Cellar Hill House is a Grade II listed building in the Sunderland local planning authority area, England. First listed on 15 July 1985. House. 1 related planning application.
Cellar Hill House
- WRENN ID
- slow-transept-storm
- Grade
- II
- Local Planning Authority
- Sunderland
- Country
- England
- Date first listed
- 15 July 1985
- Type
- House
- Source
- Historic England listing
Description
Cellar Hill House is an early 18th-century house with later 18th and early 19th-century alterations, situated on Houghton Road in Houghton-le-Spring. The house is constructed of thickly rendered, right return coursed limestone rubble, with a pantiled roof. It is two storeys high and has five sash windows with glazing bars, each set under a flat brick arch and with projecting stone cills. A round-headed window with intersecting glazing bars is centrally placed on the first floor. The central entrance features a six-panelled door within an architrave, topped by a bracketed pediment. The roof is double span and hipped to the left, with one transverse ridge chimney at the left and two end chimneys at the right, all built of yellow brick with red brick bands and a dog-tooth cornice. Moulded kneelers are present at the gables.

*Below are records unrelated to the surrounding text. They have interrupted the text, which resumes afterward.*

(* Let $n$ be a positive integer. Then $\mathsf{D}_{\mathrm{cc}}^\rightarrow(\mathsf{OMB}_n \circ \mathsf{AND}) = \lceil\log(n + 1)\rceil$.
   Context: $\mathsf{OMB}_n:\{0,1\}^n\to\{0,1\}$ is defined by $\mathsf{OMB}_n(x)=1$ if $\max\{i\in[n]:x_i=0\}$ is odd and $0$ otherwise, with $\mathsf{OMB}_n(1^n)=0$. $f\circ\mathsf{AND}$ is the two-party function $(x,y)\mapsto f(x_1\wedge y_1,\dots,x_n\wedge y_n)$ (Alice holds $x$, Bob $y$), and $\mathsf{D}_{\mathrm{cc}}^\rightarrow$ is deterministic one-way communication complexity. Logarithms are base 2. *)

theory Defs
  imports Complex_Main
begin

text \<open>Bit strings of length n are lists of booleans of length n; the i-th bit
  x_i (1-based) is x ! (i - 1). Boolean value True encodes 1.\<close>

definition OMB :: "bool list \<Rightarrow> bool" where
  "OMB x = (\<exists>i. 1 \<le> i \<and> i \<le> length x \<and> \<not> x ! (i - 1) \<and> odd i \<and>
                 (\<forall>j. i < j \<and> j \<le> length x \<longrightarrow> x ! (j - 1)))"

definition comp_AND :: "(bool list \<Rightarrow> bool) \<Rightarrow> bool list \<Rightarrow> bool list \<Rightarrow> bool" where
  "comp_AND f x y = f (map2 (\<and>) x y)"

definition D_cc_oneway :: "nat \<Rightarrow> (bool list \<Rightarrow> bool list \<Rightarrow> bool) \<Rightarrow> nat" where
  "D_cc_oneway n F = (LEAST c. \<exists>(m :: bool list \<Rightarrow> bool list) (B :: bool list \<Rightarrow> bool list \<Rightarrow> bool).
      (\<forall>x. length x = n \<longrightarrow> length (m x) = c) \<and>
      (\<forall>x y. length x = n \<longrightarrow> length y = n \<longrightarrow> B (m x) y = F x y))"

end

theory Submission
  imports Defs "HOL-Library.Log_Nat"
begin

text \<open>In a one-way protocol Bob's output is a function of Alice's message and y, so the
  message must determine the row of the communication matrix indexed by x; conversely,
  sending an encoding of that row suffices. Hence the one-way complexity is the ceiling of
  the logarithm of the number of distinct rows. For OMB o AND, the last zero of the
  conjunction of x and y sits at the maximum of the positions of the last zeros of x and y,
  so the row of x depends only on the position k of its last zero, k in {0..n}; and
  different values k < l are separated by a y whose last zero is at position l - 1. So there
  are exactly n + 1 rows.\<close>

definition oneway_protocol :: "nat \<Rightarrow> (bool list \<Rightarrow> bool list \<Rightarrow> bool) \<Rightarrow> nat \<Rightarrow> bool" where
  "oneway_protocol n F c \<longleftrightarrow>
    (\<exists>(m :: bool list \<Rightarrow> bool list) (B :: bool list \<Rightarrow> bool list \<Rightarrow> bool).
      (\<forall>x. length x = n \<longrightarrow> length (m x) = c) \<and>
      (\<forall>x y. length x = n \<longrightarrow> length y = n \<longrightarrow> B (m x) y = F x y))"

lemma D_cc_oneway_eq_Least: "D_cc_oneway n F = (LEAST c. oneway_protocol n F c)"
  by (simp add: D_cc_oneway_def oneway_protocol_def)

definition row :: "nat \<Rightarrow> (bool list \<Rightarrow> bool list \<Rightarrow> bool) \<Rightarrow> bool list \<Rightarrow> bool list set" where
  "row n F x = {y. length y = n \<and> F x y}"

definition rows :: "nat \<Rightarrow> (bool list \<Rightarrow> bool list \<Rightarrow> bool) \<Rightarrow> bool list set set" where
  "rows n F = row n F ` {x. length x = n}"

lemma finite_bool_lists: "finite {xs :: bool list. length xs = c}"
  using finite_lists_length_eq[of "UNIV :: bool set" c] by simp

lemma card_bool_lists: "card {xs :: bool list. length xs = c} = 2 ^ c"
  using card_lists_length_eq[of "UNIV :: bool set" c] by simp

lemma finite_rows: "finite (rows n F)"
proof -
  have "rows n F \<subseteq> Pow {y. length y = n}"
    by (auto simp: rows_def row_def)
  then show ?thesis
    by (rule finite_subset) (simp add: finite_bool_lists)
qed

lemma card_rows_pos: "card (rows n F) > 0"
  using finite_rows[of n F]
  by (auto simp: rows_def card_gt_0_iff intro: exI[of _ "replicate n True"])

lemma oneway_protocol_imp_card_rows_le:
  assumes "oneway_protocol n F c"
  shows "card (rows n F) \<le> 2 ^ c"
proof -
  obtain m :: "bool list \<Rightarrow> bool list" and B
    where m: "\<And>x. length x = n \<Longrightarrow> length (m x) = c"
    and B: "\<And>x y. length x = n \<Longrightarrow> length y = n \<Longrightarrow> B (m x) y = F x y"
    using assms unfolding oneway_protocol_def by blast
  let ?row_of_msg = "\<lambda>msg. {y. length y = n \<and> B msg y}"
  have "row n F x = ?row_of_msg (m x)" if "length x = n" for x
    using B that by (auto simp: row_def)
  then have "rows n F \<subseteq> ?row_of_msg ` {msg. length msg = c}"
    using m by (auto simp: rows_def)
  then have "card (rows n F) \<le> card (?row_of_msg ` {msg. length msg = c})"
    by (intro card_mono finite_imageI finite_bool_lists)
  also have "\<dots> \<le> 2 ^ c"
    using card_image_le[OF finite_bool_lists] by (simp add: card_bool_lists)
  finally show ?thesis .
qed

lemma card_rows_le_imp_oneway_protocol:
  assumes "card (rows n F) \<le> 2 ^ c"
  shows "oneway_protocol n F c"
proof -
  obtain e :: "bool list set \<Rightarrow> bool list"
    where e: "e ` rows n F \<subseteq> {msg. length msg = c}" "inj_on e (rows n F)"
    using card_le_inj[OF finite_rows finite_bool_lists, of n F c] assms
    by (auto simp: card_bool_lists)
  have row_in: "row n F x \<in> rows n F" if "length x = n" for x
    using that by (simp add: rows_def)
  show ?thesis unfolding oneway_protocol_def
  proof (intro exI[of _ "\<lambda>x. e (row n F x)"] exI[of _ "\<lambda>msg y. y \<in> inv_into (rows n F) e msg"]
      conjI allI impI)
    fix x :: "bool list" assume "length x = n"
    then show "length (e (row n F x)) = c"
      using e(1) row_in by blast
  next
    fix x y :: "bool list" assume "length x = n" "length y = n"
    then show "(y \<in> inv_into (rows n F) e (e (row n F x))) = F x y"
      using inv_into_f_f[OF e(2) row_in] by (simp add: row_def)
  qed
qed

lemma oneway_protocol_iff_card_rows_le:
  "oneway_protocol n F c \<longleftrightarrow> card (rows n F) \<le> 2 ^ c"
  using oneway_protocol_imp_card_rows_le card_rows_le_imp_oneway_protocol by blast

theorem D_cc_oneway_eq_ceillog2_card_rows: "D_cc_oneway n F = ceillog2 (card (rows n F))"
  unfolding D_cc_oneway_eq_Least oneway_protocol_iff_card_rows_le
  by (rule Least_equality) (simp_all add: le_two_power_ceillog2 ceillog2_le_iff card_rows_pos)

text \<open>The 1-based position of the last False in the list, and 0 if there is none.\<close>

definition last_zero :: "bool list \<Rightarrow> nat" where
  "last_zero xs = length (dropWhile (\<lambda>b. b) (rev xs))"

lemma last_zero_Nil [simp]: "last_zero [] = 0"
  by (simp add: last_zero_def)

lemma last_zero_snoc [simp]:
  "last_zero (xs @ [b]) = (if b then last_zero xs else Suc (length xs))"
  by (simp add: last_zero_def)

lemma last_zero_le_length: "last_zero xs \<le> length xs"
  by (induction xs rule: rev_induct) auto

lemma last_zero_append_replicate_True: "last_zero (xs @ replicate k True) = last_zero xs"
  using dropWhile_append2[of "replicate k True" "\<lambda>b. b" "rev xs"] by (auto simp: last_zero_def)

lemma last_zero_replicate_False: "last_zero (replicate k False) = k"
  by (simp add: last_zero_def dropWhile_eq_self_iff)

lemma last_zero_map2_conj:
  "length xs = length ys \<Longrightarrow> last_zero (map2 (\<and>) xs ys) = max (last_zero xs) (last_zero ys)"
proof (induction xs arbitrary: ys rule: rev_induct)
  case Nil
  then show ?case by simp
next
  case (snoc a xs)
  then obtain ys' b where ys: "ys = ys' @ [b]" and "length ys' = length xs"
    by (cases ys rule: rev_cases) auto
  then show ?case
    using snoc.IH[of ys'] last_zero_le_length[of xs] last_zero_le_length[of ys']
    by (auto simp: max_def)
qed

lemma OMB_Nil [simp]: "\<not> OMB []"
  by (simp add: OMB_def)

lemma OMB_snoc: "OMB (xs @ [b]) = (if b then OMB xs else odd (Suc (length xs)))"
  unfolding OMB_def by (cases b) (auto simp: nth_append le_Suc_eq)

lemma OMB_iff_odd_last_zero: "OMB xs \<longleftrightarrow> odd (last_zero xs)"
  by (induction xs rule: rev_induct) (simp_all add: OMB_snoc)

lemma row_comp_AND_OMB:
  "length x = n \<Longrightarrow>
    row n (comp_AND OMB) x = {y. length y = n \<and> odd (max (last_zero x) (last_zero y))}"
  by (auto simp: row_def comp_AND_def OMB_iff_odd_last_zero last_zero_map2_conj)

lemma card_rows_comp_AND_OMB: "card (rows n (comp_AND OMB)) = n + 1"
proof -
  define R where "R k = {y. length y = n \<and> odd (max k (last_zero y))}" for k
  define unary where "unary k = replicate k False @ replicate (n - k) True" for k
  have last_zero_unary: "last_zero (unary k) = k" "length (unary k) = n" if "k \<le> n" for k
    using that by (simp_all add: unary_def last_zero_append_replicate_True last_zero_replicate_False)
  have "rows n (comp_AND OMB) = R ` {..n}"
  proof
    show "rows n (comp_AND OMB) \<subseteq> R ` {..n}"
      using last_zero_le_length by (auto simp: rows_def R_def row_comp_AND_OMB)
    show "R ` {..n} \<subseteq> rows n (comp_AND OMB)"
      using last_zero_unary by (force simp: rows_def R_def row_comp_AND_OMB)
  qed
  moreover have "inj_on R {..n}"
  proof (rule linorder_inj_onI')
    fix k l assume "k \<in> {..n}" "l \<in> {..n}" "k < l"
    then have "unary (l - 1) \<in> R l \<longleftrightarrow> unary (l - 1) \<notin> R k"
      using last_zero_unary[of "l - 1"] by (auto simp: R_def max_def)
    then show "R k \<noteq> R l" by blast
  qed
  ultimately show ?thesis
    by (simp add: card_image)
qed

theorem claim4p7:
  fixes n :: nat
  assumes "n \<ge> 1"
  shows "D_cc_oneway n (comp_AND OMB) = nat \<lceil>log 2 (real n + 1)\<rceil>"
  by (simp add: D_cc_oneway_eq_ceillog2_card_rows card_rows_comp_AND_OMB ceillog2_def
      add.commute)

end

Internally, the house retains window shutters and eight-panelled doors with architraves. An elliptical-headed arch in the hall is supported by fluted Tuscan pilasters, has a keyed architrave, a deep panelled reveal, and a soffit. The staircase features a cut string, two 19th-century square balusters per tread, a ramped, almost flat handrail, and square newels. An upper rear staircase has been removed. A single two-panelled door with its original hinges remains on the first floor.